**Assignment**.
Which lines below contain the word "LeftT"? Copy each one.

**Given records**.
(* Let $K$ be a field, $n\ge2$, and consider $K^n$ as a left module over the matrix algebra $M_n(K)$ via matrix–vector multiplication. Let $N$ be a $K$-subspace of $K^n$. Then: (i) if $N=K^n$, then $\sigma_\vartheta(N)=\tau_\vartheta(N)=K^n$ for all $\vartheta$; (ii) if $N=0$, then $\sigma_\vartheta(N)=\tau_\vartheta(N)=K^n$ when $\vartheta$ = left, and $\sigma_\vartheta(N)=\tau_\vartheta(N)=0$ when $\vartheta$ is right, pre-two-sided or two-sided; (iii) if $N$ is nonzero and proper, then $\sigma_\vartheta(N)=\tau_\vartheta(N)=0$ for all $\vartheta$.
   Context: For an associative unital algebra $\mathcal A$ over a field $K$, the symbol $\vartheta$ ranges over "left", "right", "pre-two-sided", "two-sided". A subspace $J\subseteq\mathcal A$ is a left (resp. right; two-sided) Mathieu subspace of $\mathcal A$ if whenever $a\in\mathcal A$ satisfies $a^m\in J$ for all $m\ge1$, then for all $b,c\in\mathcal A$ there is $N_0$ with $ba^m\in J$ (resp. $a^mc\in J$; $ba^mc\in J$) for all $m\ge N_0$; pre-two-sided means both left and right. A $\vartheta$-ideal means a left/right/two-sided ideal accordingly, and a two-sided ideal for $\vartheta$ = pre-two-sided. For a left $\mathcal A$-module $\mathcal M$, $u\in\mathcal M$, $N\subseteq \mathcal M$, $(N:u)=\{a\in\mathcal A: au\in N\}$; for a subspace $N$, $\sigma_\vartheta(N)=\{u\in\mathcal M: (N:u)\text{ is a }\vartheta\text{-ideal of }\mathcal A\}$, $\tau_\vartheta(N)=\{u\in\mathcal M: (N:u)\text{ is a }\vartheta\text{-Mathieu subspace of }\mathcal A\}$. *)

theory Defs
  imports "HOL-Analysis.Analysis"
begin

text \<open>The algebra M_n(K) is rendered as the type 'a^'n^'n (with 'n a finite index type,
  n = CARD('n)), with product (**), identity mat 1; K^n is 'a^'n, acted on by (*v).\<close>

datatype theta = LeftT | RightT | PreTwoSided | TwoSided

definition mpow :: "'a::semiring_1^'n^'n \<Rightarrow> nat \<Rightarrow> 'a^'n^'n" where
  "mpow A m = ((\<lambda>B. A ** B) ^^ m) (mat 1)"

definition vec_subspace :: "('a::field^'n) set \<Rightarrow> bool" where
  "vec_subspace N \<longleftrightarrow> 0 \<in> N \<and> (\<forall>u\<in>N. \<forall>v\<in>N. u + v \<in> N) \<and> (\<forall>c. \<forall>u\<in>N. c *s u \<in> N)"

definition mat_subspace :: "('a::field^'n^'n) set \<Rightarrow> bool" where
  "mat_subspace J \<longleftrightarrow> 0 \<in> J \<and> (\<forall>A\<in>J. \<forall>B\<in>J. A + B \<in> J)
     \<and> (\<forall>c. \<forall>A\<in>J. (\<chi> i j. c * A $ i $ j) \<in> J)"

definition left_mathieu :: "('a::field^'n^'n) set \<Rightarrow> bool" where
  "left_mathieu J \<longleftrightarrow> mat_subspace J \<and>
    (\<forall>a. (\<forall>m\<ge>1. mpow a m \<in> J) \<longrightarrow> (\<forall>b. \<exists>N0. \<forall>m\<ge>N0. b ** mpow a m \<in> J))"

definition right_mathieu :: "('a::field^'n^'n) set \<Rightarrow> bool" where
  "right_mathieu J \<longleftrightarrow> mat_subspace J \<and>
    (\<forall>a. (\<forall>m\<ge>1. mpow a m \<in> J) \<longrightarrow> (\<forall>c. \<exists>N0. \<forall>m\<ge>N0. mpow a m ** c \<in> J))"

definition two_sided_mathieu :: "('a::field^'n^'n) set \<Rightarrow> bool" where
  "two_sided_mathieu J \<longleftrightarrow> mat_subspace J \<and>
    (\<forall>a. (\<forall>m\<ge>1. mpow a m \<in> J) \<longrightarrow> (\<forall>b c. \<exists>N0. \<forall>m\<ge>N0. b ** mpow a m ** c \<in> J))"

fun is_mathieu :: "theta \<Rightarrow> ('a::field^'n^'n) set \<Rightarrow> bool" where
  "is_mathieu LeftT J = left_mathieu J"
| "is_mathieu RightT J = right_mathieu J"
| "is_mathieu PreTwoSided J = (left_mathieu J \<and> right_mathieu J)"
| "is_mathieu TwoSided J = two_sided_mathieu J"

definition left_ideal :: "('a::field^'n^'n) set \<Rightarrow> bool" where
  "left_ideal J \<longleftrightarrow> mat_subspace J \<and> (\<forall>b. \<forall>A\<in>J. b ** A \<in> J)"

definition right_ideal :: "('a::field^'n^'n) set \<Rightarrow> bool" where
  "right_ideal J \<longleftrightarrow> mat_subspace J \<and> (\<forall>c. \<forall>A\<in>J. A ** c \<in> J)"

fun is_ideal :: "theta \<Rightarrow> ('a::field^'n^'n) set \<Rightarrow> bool" where
  "is_ideal LeftT J = left_ideal J"
| "is_ideal RightT J = right_ideal J"
| "is_ideal PreTwoSided J = (left_ideal J \<and> right_ideal J)"
| "is_ideal TwoSided J = (left_ideal J \<and> right_ideal J)"

definition colon :: "('a::field^'n) set \<Rightarrow> 'a^'n \<Rightarrow> ('a^'n^'n) set" where
  "colon N u = {A. A *v u \<in> N}"

definition sigma_th :: "theta \<Rightarrow> ('a::field^'n) set \<Rightarrow> ('a^'n) set" where
  "sigma_th th N = {u. is_ideal th (colon N u)}"

definition tau_th :: "theta \<Rightarrow> ('a::field^'n) set \<Rightarrow> ('a^'n) set" where
  "tau_th th N = {u. is_mathieu th (colon N u)}"

end

theory Submission
  imports Defs
begin

(* Every ideal is a Mathieu subspace of the same kind, so sigma <= tau, and the zero
   vector always lies in sigma since (N : 0) is the whole algebra. Hence the theorem
   reduces to three facts about the colon subspaces (N : u):
   - if N = K^n then (N : u) is the whole algebra;
   - if N = 0 then (N : u) is the left annihilator of u, a left ideal;
   - if u <> 0 and N is proper, then (N : u) is neither right nor two-sided Mathieu,
     and if moreover N <> 0 it is not left Mathieu either.
   The counterexamples in the last item are built from rank-one matrices y h^T with
   h(y) = 1: such a matrix is idempotent, so all its powers act like itself, which makes
   the hypothesis "a^m in (N : u) for all m >= 1" a single condition on a. *)

text \<open>The standard bilinear pairing of K^n with itself; linear functionals are
  represented as pairings with a fixed vector.\<close>
definition pairing :: "'a::field^'n \<Rightarrow> 'a^'n \<Rightarrow> 'a" where
  "pairing x y = (\<Sum>i\<in>UNIV. x$i * y$i)"

definition outer :: "'a::field^'n \<Rightarrow> 'a^'n \<Rightarrow> 'a^'n^'n" where
  "outer x y = (\<chi> i j. x$i * y$j)"

lemma outer_mult_vec: "outer x y *v z = pairing y z *s x"
  by (simp add: vec_eq_iff outer_def pairing_def matrix_vector_mult_def sum_distrib_left
      sum_distrib_right mult.assoc mult.left_commute mult.commute)

lemma pairing_add_left: "pairing (x + z) h = pairing x h + pairing z h"
  by (simp add: pairing_def distrib_right sum.distrib)

lemma pairing_diff_left: "pairing (x - z) h = pairing x h - pairing z h"
  by (simp add: pairing_def left_diff_distrib sum_subtractf)

lemma pairing_add_right: "pairing h (x + z) = pairing h x + pairing h z"
  by (simp add: pairing_def distrib_left sum.distrib)

lemma pairing_scale_left: "pairing (c *s h) x = c * pairing h x"
  by (simp add: pairing_def sum_distrib_left mult.assoc)

lemma pairing_scale_right: "pairing h (c *s x) = c * pairing h x"
  by (simp add: pairing_def sum_distrib_left mult.left_commute)

lemma pairing_axis_left: "pairing (axis k c) x = c * x$k"
proof -
  have "pairing (axis k c) x = (\<Sum>i\<in>UNIV. if i = k then c * x$i else 0)"
    unfolding pairing_def axis_def by (intro sum.cong) auto
  then show ?thesis by simp
qed

lemma outer_idempotent:
  assumes "pairing h y = 1"
  shows "outer y h *v (outer y h *v x) = outer y h *v x"
  by (simp add: outer_mult_vec pairing_scale_right assms)

lemma mpow_Suc: "mpow a (Suc m) = a ** mpow a m"
  by (simp add: mpow_def)

lemma mpow_idempotent:
  fixes a :: "'a::comm_semiring_1^'n^'n"
  assumes idem: "\<And>x. a *v (a *v x) = a *v x" and "m \<ge> 1"
  shows "mpow a m *v x = a *v x"
  using \<open>m \<ge> 1\<close>
proof (induction m rule: dec_induct)
  case base
  show ?case by (simp add: mpow_def)
next
  case (step m)
  then show ?case by (simp add: mpow_Suc matrix_vector_mul_assoc[symmetric] idem)
qed

lemma subspace_diff:
  assumes "vec_subspace N" "x \<in> N" "z \<in> N"
  shows "x - z \<in> N"
proof -
  have "x + (-1) *s z \<in> N" using assms unfolding vec_subspace_def by blast
  then show ?thesis by (simp add: vector_sneg_minus1[symmetric])
qed

lemma subspace_cancel_scale:
  assumes "vec_subspace N" "c *s v \<in> N" "c \<noteq> 0"
  shows "v \<in> N"
proof -
  have "inverse c *s (c *s v) \<in> N" using assms unfolding vec_subspace_def by blast
  then show ?thesis using assms(3) by (simp add: vector_smult_assoc)
qed

lemma nonzero_coordinate: "(u::'a::field^'n) \<noteq> 0 \<Longrightarrow> \<exists>k. u$k \<noteq> 0"
  by (auto simp: vec_eq_iff)

lemma exists_other_index:
  assumes "CARD('n) \<ge> 2"
  shows "\<exists>j::'n. j \<noteq> k"
proof (rule ccontr)
  assume "\<not> ?thesis"
  then have "(UNIV::'n set) = {k}" by auto
  then have "CARD('n) = card {k}" by (rule arg_cong)
  then show False using assms by simp
qed

text \<open>This needs n \<ge> 2: h is a combination of two
  coordinate functionals chosen so that its kernel contains u but not the whole space.\<close>
lemma functional_vanishing_at:
  fixes N :: "('a::field ^ 'n) set"
  assumes "CARD('n) \<ge> 2" "vec_subspace N" "N \<noteq> UNIV" "u \<noteq> 0"
  obtains h y where "pairing h u = 0" "pairing h y = 1" "y \<notin> N"
proof -
  obtain k where k: "u$k \<noteq> 0" using nonzero_coordinate[OF assms(4)] by blast
  obtain j where j: "j \<noteq> k" using exists_other_index[OF assms(1)] by blast
  define h where "h = axis j (u$k) - axis k (u$j)"
  have hu: "pairing h u = 0"
    unfolding h_def by (simp add: pairing_diff_left pairing_axis_left mult.commute)
  have hz: "pairing h (axis j 1) \<noteq> 0"
    unfolding h_def using j k by (simp add: pairing_diff_left pairing_axis_left axis_def[of j 1])
  obtain x where x: "x \<notin> N" using assms(3) by blast
  text \<open>Either x, axis j 1 or their sum is outside N with nonzero value under h.\<close>
  have "\<exists>y. y \<notin> N \<and> pairing h y \<noteq> 0"
  proof (cases "pairing h x = 0 \<and> axis j 1 \<in> N")
    case True
    have "x + axis j 1 \<notin> N"
      using x True subspace_diff[OF assms(2), of "x + axis j 1" "axis j 1"] by auto
    moreover have "pairing h (x + axis j 1) \<noteq> 0"
      using True hz by (simp add: pairing_add_right)
    ultimately show ?thesis by blast
  next
    case False
    then show ?thesis using x hz by blast
  qed
  then obtain y0 where y0: "y0 \<notin> N" "pairing h y0 \<noteq> 0" by blast
  let ?y = "inverse (pairing h y0) *s y0"
  have "pairing h ?y = 1" using y0 by (simp add: pairing_scale_right)
  moreover have "?y \<notin> N"
    using subspace_cancel_scale[OF assms(2), of "inverse (pairing h y0)" y0] y0 by auto
  ultimately show ?thesis using that hu by blast
qed

lemma functional_nonvanishing_at:
  fixes u w :: "'a::field ^ 'n"
  assumes "u \<noteq> 0" "w \<noteq> 0"
  obtains g where "pairing g w = 1" "pairing g u \<noteq> 0"
proof -
  obtain k where k: "u$k \<noteq> 0" using nonzero_coordinate[OF assms(1)] by blast
  obtain l where l: "w$l \<noteq> 0" using nonzero_coordinate[OF assms(2)] by blast
  text \<open>One of the coordinate functionals at k, at l, or their sum works up to scaling.\<close>
  have "\<exists>g. pairing g u \<noteq> 0 \<and> pairing g w \<noteq> 0"
  proof (cases "w$k \<noteq> 0 \<or> u$l \<noteq> 0")
    case True
    then show ?thesis using k l
      by (metis mult_1 pairing_axis_left)
  next
    case False
    then show ?thesis using k l
      by (intro exI[of _ "axis k 1 + axis l 1"]) (simp add: pairing_add_left pairing_axis_left)
  qed
  then obtain g0 where g0: "pairing g0 u \<noteq> 0" "pairing g0 w \<noteq> 0" by blast
  show ?thesis
    using that[of "inverse (pairing g0 w) *s g0"] g0 by (simp add: pairing_scale_left)
qed

lemma colon_subspace:
  assumes "vec_subspace N"
  shows "mat_subspace (colon N u)"
proof -
  have scale: "(\<chi> i j. c * A $ i $ j) *v u = c *s (A *v u)" for c and A :: "'a^'b^'b"
    by (simp add: vec_eq_iff matrix_vector_mult_def sum_distrib_left mult.assoc)
  show ?thesis using assms
    unfolding mat_subspace_def colon_def vec_subspace_def
    by (simp add: matrix_vector_mult_add_rdistrib scale)
qed

lemma not_right_mathieu_witness:
  assumes "\<forall>m\<ge>1. mpow a m \<in> J" "\<And>m. m \<ge> 1 \<Longrightarrow> mpow a m ** c \<notin> J"
  shows "\<not> right_mathieu J \<and> \<not> two_sided_mathieu J"
proof -
  have no_bound: "\<not> (\<exists>N0. \<forall>m\<ge>N0. mpow a m ** c \<in> J)"
    using assms(2) by (metis max.cobounded1 max.cobounded2)
  then have "\<not> right_mathieu J" using assms(1) unfolding right_mathieu_def by blast
  moreover have "\<not> two_sided_mathieu J"
    using assms(1) no_bound unfolding two_sided_mathieu_def
    by (metis matrix_mul_lid)
  ultimately show ?thesis by blast
qed

lemma not_left_mathieu_witness:
  assumes "\<forall>m\<ge>1. mpow a m \<in> J" "\<And>m. m \<ge> 1 \<Longrightarrow> b ** mpow a m \<notin> J"
  shows "\<not> left_mathieu J"
  using assms unfolding left_mathieu_def by (metis max.cobounded1 max.cobounded2)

**Problem solution**.
datatype theta = LeftT | RightT | PreTwoSided | TwoSided
  "is_mathieu LeftT J = left_mathieu J"
  "is_ideal LeftT J = left_ideal J"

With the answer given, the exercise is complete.